More importantly, as compared to the standard method, the MC method raises binary sensitivity in the lower release clusters to an average of 82% from an average of 60% in the putamen and to 50% from 26% in the caudate when comparing MC-sensitivity with SM-sensitivity (Figure 3(c)), meaning the probability of completely missing a low release cluster in any given scan is markedly decreased. The cluster size or striatal location (i.e. putamen or caudate) does not appear to have an effect on the degree of improvement in the MC methods.

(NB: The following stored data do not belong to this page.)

lemma CcF_PP_ring_if_von_neumann_regular:
  assumes "CcF_von_neumann_regular TYPE('a::topological_space)"
  shows "CcF_PP_ring TYPE('a)"
  unfolding CcF_PP_ring_def
proof
  fix f :: "'a \<Rightarrow> real" assume f: "f \<in> CcF"
  then obtain r where "r \<in> CcF" and fr: "\<And>x. f x = f x * f x * r x"
    using assms unfolding CcF_von_neumann_regular_def by (metis (mono_tags))
  define e where "e x = 1 - f x * r x" for x
  have e_eq: "e x = (if f x = 0 then 1 else 0)" for x
    using regular_factor_idempotent[OF fr[of x]] idempotent_eq_0_or_1
    by (auto simp: e_def)
  have "e \<in> CcF"
    unfolding e_def by (intro CcF_diff CcF_const CcF_mult f \<open>r \<in> CcF\<close>)
  moreover have "(\<lambda>x. e x * e x) = e" by (simp add: fun_eq_iff e_eq)
  moreover have "AnnCcF f = {(\<lambda>x. e x * h x) | h. h \<in> CcF}"
  proof
    show "AnnCcF f \<subseteq> {(\<lambda>x. e x * h x) | h. h \<in> CcF}"
    proof
      fix g assume "g \<in> AnnCcF f"
      then have "g \<in> CcF" and "g = (\<lambda>x. e x * g x)"
        by (auto simp: AnnCcF_def fun_eq_iff e_eq)
      then show "g \<in> {(\<lambda>x. e x * h x) | h. h \<in> CcF}" by blast
    qed
    show "{(\<lambda>x. e x * h x) | h. h \<in> CcF} \<subseteq> AnnCcF f"
      using CcF_mult[OF \<open>e \<in> CcF\<close>] by (auto simp: AnnCcF_def e_eq)
  qed
  ultimately show "\<exists>e\<in>CcF. (\<lambda>x. e x * e x) = e \<and> AnnCcF f = {(\<lambda>x. e x * h x) | h. h \<in> CcF}"
    by blast
qed

lemma open_off_finite_zset_if_CcF_PP_ring:
  fixes f :: "'a::t1_space \<Rightarrow> real"
  assumes "CcF_PP_ring TYPE('a)" and f: "f \<in> CcF"
  shows "open_off_finite (zset f)"
proof -
  obtain e where "e \<in> CcF" and idem: "(\<lambda>x. e x * e x) = e"
    and ann: "AnnCcF f = {(\<lambda>x. e x * h x) | h. h \<in> CcF}"
    using assms unfolding CcF_PP_ring_def by blast
  have e_01: "e x = 0 \<or> e x = 1" for x
    using fun_cong[OF idem, of x] by (simp add: idempotent_eq_0_or_1)
  have "e \<in> AnnCcF f"
    using ann CcF_const[of 1] by (auto intro!: exI[of _ "\<lambda>_. 1"])
  then have annihilates: "e x * f x = 0" for x
    by (auto simp: AnnCcF_def dest: fun_cong[of _ _ x])
  have one_on_zeros: "e x = 1" if "f x = 0" for x
  proof -
    have "(\<lambda>y. if y = x then 1 else 0 :: real) \<in> AnnCcF f"
      using that CcF_point_indicator[of x] by (auto simp: AnnCcF_def fun_eq_iff)
    then obtain h where "\<And>y. (if y = x then 1 else 0 :: real) = e y * h y"
      using ann by (auto simp: fun_eq_iff)
    from this[of x] have "e x \<noteq> 0" by auto
    with e_01 show ?thesis by blast
  qed
  have "zset (\<lambda>x. 1 - e x) = zset f"
    using annihilates one_on_zeros e_01 by (force simp: zset_def)
  moreover have "open_off_finite (zset (\<lambda>x. 1 - e x))"
    using e_01 by (intro open_off_finite_zset_idempotent CcF_diff CcF_const \<open>e \<in> CcF\<close>)
      (auto simp: algebra_simps)
  ultimately show ?thesis by simp
qed

theorem theorem7p6:
  shows "(CcF_von_neumann_regular TYPE('a::t1_space) \<longleftrightarrow>
            (\<forall>Z \<in> (ZCcF :: 'a set set). \<exists>F. finite F \<and>
               openin (subtopology euclidean (UNIV - F)) (Z - F) \<and>
               closedin (subtopology euclidean (UNIV - F)) (Z - F)))
       \<and> (CcF_von_neumann_regular TYPE('a) \<longleftrightarrow> CcF_PP_ring TYPE('a))"
proof
  show "CcF_von_neumann_regular TYPE('a) \<longleftrightarrow>
          (\<forall>Z \<in> (ZCcF :: 'a set set). \<exists>F. finite F \<and>
             openin (subtopology euclidean (UNIV - F)) (Z - F) \<and>
             closedin (subtopology euclidean (UNIV - F)) (Z - F))"
    unfolding CcF_von_neumann_regular_iff_open_off_finite ZCcF_def
    by (simp add: zset_clopen_off_finite_iff)
  show "CcF_von_neumann_regular TYPE('a) \<longleftrightarrow> CcF_PP_ring TYPE('a)"
    using CcF_PP_ring_if_von_neumann_regular open_off_finite_zset_if_CcF_PP_ring
      CcF_von_neumann_regular_iff_open_off_finite by blast
qed
lemma InvN_close:
  fixes \<delta> :: real
  assumes close: "\<And>j. j < K \<Longrightarrow> \<bar>\<phi> j - out_prob j\<bar> \<le> \<delta>" and small: "real K * \<delta> \<le> (p - q) / 2"
    and i: "i < K"
  shows "\<bar>InvN K p q \<phi> i - \<theta> i\<bar> \<le> 2 * (real K + 1) * (\<delta> / (p - q))"
proof -
  have "\<bar>max 0 (Inv K p q \<phi> j) - \<theta> j\<bar> \<le> \<delta> / (p - q)" if "j < K" for j
  proof -
    have "\<bar>max 0 (Inv K p q \<phi> j) - \<theta> j\<bar> \<le> \<bar>Inv K p q \<phi> j - \<theta> j\<bar>"
      using prob_simplex_coord_bounds(1)[OF \<theta> that] by (auto simp: max_def)
    also have "\<dots> \<le> \<delta> / (p - q)"
      using close[OF that] q_less_p by (simp add: Inv_minus abs_divide divide_right_mono)
    finally show ?thesis .
  qed
  moreover have "real K * (\<delta> / (p - q)) \<le> 1 / 2"
    using small q_less_p by (simp add: field_simps)
  ultimately show ?thesis
    unfolding InvN_def
    by (intro normalized_close[OF \<theta> _ _ i, of "\<lambda>j. max 0 (Inv K p q \<phi> j)"]) auto
qed

definition supp_min :: "(nat \<Rightarrow> real) \<Rightarrow> real" where
  "supp_min \<phi> = Min (\<phi> ` {j. j < K \<and> 0 < \<theta> j})"

lemma supp_nonempty: "{j. j < K \<and> 0 < \<theta> j} \<noteq> {}"
proof
  assume "{j. j < K \<and> 0 < \<theta> j} = {}"
  then have "\<forall>j<K. \<theta> j = 0"
    using \<theta> by (force simp: prob_simplex_def)
  then show False
    using \<theta> by (simp add: prob_simplex_def)
qed

text \<open>Near \<open>out_prob\<close>, the coordinates of \<open>\<phi>\<close> below \<open>supp_min \<phi>\<close> are exactly the zeros of
  \<open>\<theta>\<close>. As \<open>tau_star K q \<phi> \<le> supp_min \<phi>\<close>, the rescaling factor \<open>cfac\<close> is then computed from
  coordinates with \<open>\<phi> j \<approx> q\<close> only, which makes it close to \<open>1\<close>.\<close>

context
  fixes \<phi> :: "nat \<Rightarrow> real" and \<delta> :: real
  assumes \<phi>: "\<phi> \<in> prob_simplex K"
    and close: "\<And>i. i < K \<Longrightarrow> \<bar>\<phi> i - out_prob i\<bar> < \<delta>"
    and small: "real K * \<delta> \<le> p / 2"
    and gap: "\<And>j. j < K \<Longrightarrow> 0 < \<theta> j \<Longrightarrow> (1 + 2 * real K / p) * \<delta> \<le> (p - q) * \<theta> j"
begin

lemma delta_nonneg: "0 \<le> \<delta>"
  using close[OF K_pos] by linarith

lemma supp_coord_gt:
  assumes "j < K" "0 < \<theta> j"
  shows "q + 2 * real K * \<delta> / p < \<phi> j"
proof -
  have "q + (p - q) * \<theta> j - \<delta> < \<phi> j"
    using close[OF assms(1)] by (simp add: out_prob_def abs_less_iff)
  moreover have "(1 + 2 * real K / p) * \<delta> = \<delta> + 2 * real K * \<delta> / p"
    by (simp add: distrib_right)
  ultimately show ?thesis
    using gap[OF assms] by linarith
qed

lemma below_supp_min_iff: "j < K \<Longrightarrow> \<phi> j < supp_min \<phi> \<longleftrightarrow> \<theta> j = 0"
proof -
  assume j: "j < K"
  show ?thesis
  proof
    assume below: "\<phi> j < supp_min \<phi>"
    show "\<theta> j = 0"
    proof (rule ccontr)
      assume "\<theta> j \<noteq> 0"
      then have "j \<in> {j. j < K \<and> 0 < \<theta> j}"
        using j prob_simplex_coord_bounds(1)[OF \<theta> j] by auto
      then have "supp_min \<phi> \<le> \<phi> j"
        unfolding supp_min_def by (intro Min_le) auto
      with below show False by simp
    qed
  next
    assume "\<theta> j = 0"
    then have "\<phi> j < q + \<delta>"
      using close[OF j] by (simp add: out_prob_def abs_less_iff)
    moreover have "\<delta> \<le> 2 * real K * \<delta> / p"
    proof -
      have "\<delta> * p \<le> 1 * \<delta>"
        using delta_nonneg p_le_one by (simp add: mult_left_le)
      also have "\<dots> \<le> 2 * real K * \<delta>"
        using delta_nonneg K_pos by (intro mult_right_mono) auto
      finally have "\<delta> * p \<le> 2 * real K * \<delta>" .
      then show ?thesis
        using q_less_p q_nonneg by (simp add: le_divide_eq)
    qed
    ultimately show "\<phi> j < supp_min \<phi>"
      unfolding supp_min_def using supp_nonempty supp_coord_gt
      by (subst Min_gr_iff) fastforce+
  qed
qed
(* For every integer $n\ge4$ there exist a connected graph $\mathcal G$ with $n$ nodes, two distinct non-adjacent nodes $i^*,j^*$ of $\mathcal G$, and an arrival distribution $\alpha$ satisfying the stability condition for $\mathcal G$, such that $\mathbb E[\overline Q]>\mathbb E[Q]$, where $\overline{\mathcal G}$ is $\mathcal G$ with the edge $\{i^*,j^*\}$ added.
   Context: A matching model consists of a finite connected simple graph $\mathcal G=(\mathcal V,\xi)$ and an arrival distribution $\alpha$ on $\mathcal V$ (all $\alpha_i>0$). $\mathcal E(i)$ is the neighbour set of $i$, $\mathcal E(V)=\bigcup_{i\in V}\mathcal E(i)$, $|\alpha_V|=\sum_{i\in V}\alpha_i$. Under FCFS, an arriving item of class $i$ is matched with the oldest present item whose class lies in $\mathcal E(i)$ (both leave), otherwise it waits. An independent set is a non-empty set of pairwise non-adjacent nodes. The stability condition is $|\alpha_{\mathcal I}|<|\alpha_{\mathcal E(\mathcal I)}|$ for every independent set $\mathcal I$ of $\mathcal G$; under it the FCFS chain is positive recurrent and $\mathbb E[Q]$ denotes the stationary mean number of items; $\mathbb E[\overline Q]$ is the analogous quantity for $\overline{\mathcal G}$ with the same $\alpha$. *)

theory Defs
  imports "HOL-Analysis.Analysis"
begin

Cluster release simulation: Parametric accuracy

Over all methods, $MAE (t_{D})$ and $MAE (t_{P})$ average to 3.2 min and 5.1 min, respectively, in high release clusters, and 3.9 min and 5.8 min in low release clusters (Figure 3(d)). These values motivate the thresholds of $A D (t_{D}) \leq 4$ min and $A D (t_{P}) \leq 6$ min incorporated into our suggested parametric thresholding. The MC methods have slightly higher $MAE (t_{D})$ and slightly lower $MAE (t_{P})$ in most clusters. Since the MC methods use the same images as the SM-CST, the additionally detected voxels have slightly different biases on average.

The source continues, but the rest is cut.